> [TASK INSTRUCTIONS]
All the entries that follow must be written out again exactly.

Saved data entries:
(* Let $(x_k)_{k\ge0}$ be indeterminates, define $a_n=x_n$ if $n=2^k-1$ for some integer $k\ge0$ and $a_n=0$ otherwise, let $D(n)=\det\left(a_{i+j+1}\right)_{i,j=0}^{n-1}$ with $D(0)=1$, and let $T_n=\frac{D(n)D(n+2)}{D(n+1)^2}$ (in the field of rational functions). Then for all $n\ge0$, $$T_{2n+1}=-T_{2n},\qquad T_{4n}=(-1)^n\frac{x_3}{x_1},$$ and for all $k\ge2$ and $n\ge0$, $$T_{2^{k+1}n+2^k-1}=(-1)^n\frac{x_1x_{2^{k+1}-1}}{x_{2^k-1}^2}.$$ *)

theory Defs
  imports "HOL-Library.Poly_Mapping" "HOL-Computational_Algebra.Fraction_Field"
    "Jordan_Normal_Form.Determinant"
begin

text \<open>Multivariate polynomials over the integers in the indeterminates x_0, x_1, ...:
  monomials are finitely supported exponent vectors nat \<Rightarrow>0 nat.\<close>
type_synonym mpoly = "(nat \<Rightarrow>\<^sub>0 nat) \<Rightarrow>\<^sub>0 int"
type_synonym ratfun = "mpoly fract"

definition X :: "nat \<Rightarrow> ratfun" where
  "X k = Fract (Poly_Mapping.single (Poly_Mapping.single k 1) 1) 1"

definition seq_a :: "nat \<Rightarrow> ratfun" where
  "seq_a n = (if \<exists>k::nat. n = 2 ^ k - 1 then X n else 0)"

definition hankelD :: "nat \<Rightarrow> ratfun" where
  "hankelD n = det (mat n n (\<lambda>(i, j). seq_a (i + j + 1)))"

definition T :: "nat \<Rightarrow> ratfun" where
  "T n = hankelD n * hankelD (n + 2) / (hankelD (n + 1))^2"

end

theory Submission
  imports Defs
begin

> [ANSWER TO THE PROBLEM]
(* Let $(x_k)_{k\ge0}$ be indeterminates, define $a_n=x_n$ if $n=2^k-1$ for some integer $k\ge0$ and $a_n=0$ otherwise, let $D(n)=\det\left(a_{i+j+1}\right)_{i,j=0}^{n-1}$ with $D(0)=1$, and let $T_n=\frac{D(n)D(n+2)}{D(n+1)^2}$ (in the field of rational functions). Then for all $n\ge0$, $$T_{2n+1}=-T_{2n},\qquad T_{4n}=(-1)^n\frac{x_3}{x_1},$$ and for all $k\ge2$ and $n\ge0$, $$T_{2^{k+1}n+2^k-1}=(-1)^n\frac{x_1x_{2^{k+1}-1}}{x_{2^k-1}^2}.$$ *)

theory Defs
  imports "HOL-Library.Poly_Mapping" "HOL-Computational_Algebra.Fraction_Field"
    "Jordan_Normal_Form.Determinant"
begin

text \<open>Multivariate polynomials over the integers in the indeterminates x_0, x_1, ...:
  monomials are finitely supported exponent vectors nat \<Rightarrow>0 nat.\<close>
type_synonym mpoly = "(nat \<Rightarrow>\<^sub>0 nat) \<Rightarrow>\<^sub>0 int"
type_synonym ratfun = "mpoly fract"

definition X :: "nat \<Rightarrow> ratfun" where
  "X k = Fract (Poly_Mapping.single (Poly_Mapping.single k 1) 1) 1"

definition seq_a :: "nat \<Rightarrow> ratfun" where
  "seq_a n = (if \<exists>k::nat. n = 2 ^ k - 1 then X n else 0)"

definition hankelD :: "nat \<Rightarrow> ratfun" where
  "hankelD n = det (mat n n (\<lambda>(i, j). seq_a (i + j + 1)))"

definition T :: "nat \<Rightarrow> ratfun" where
  "T n = hankelD n * hankelD (n + 2) / (hankelD (n + 1))^2"

end

theory Submission
  imports Defs
begin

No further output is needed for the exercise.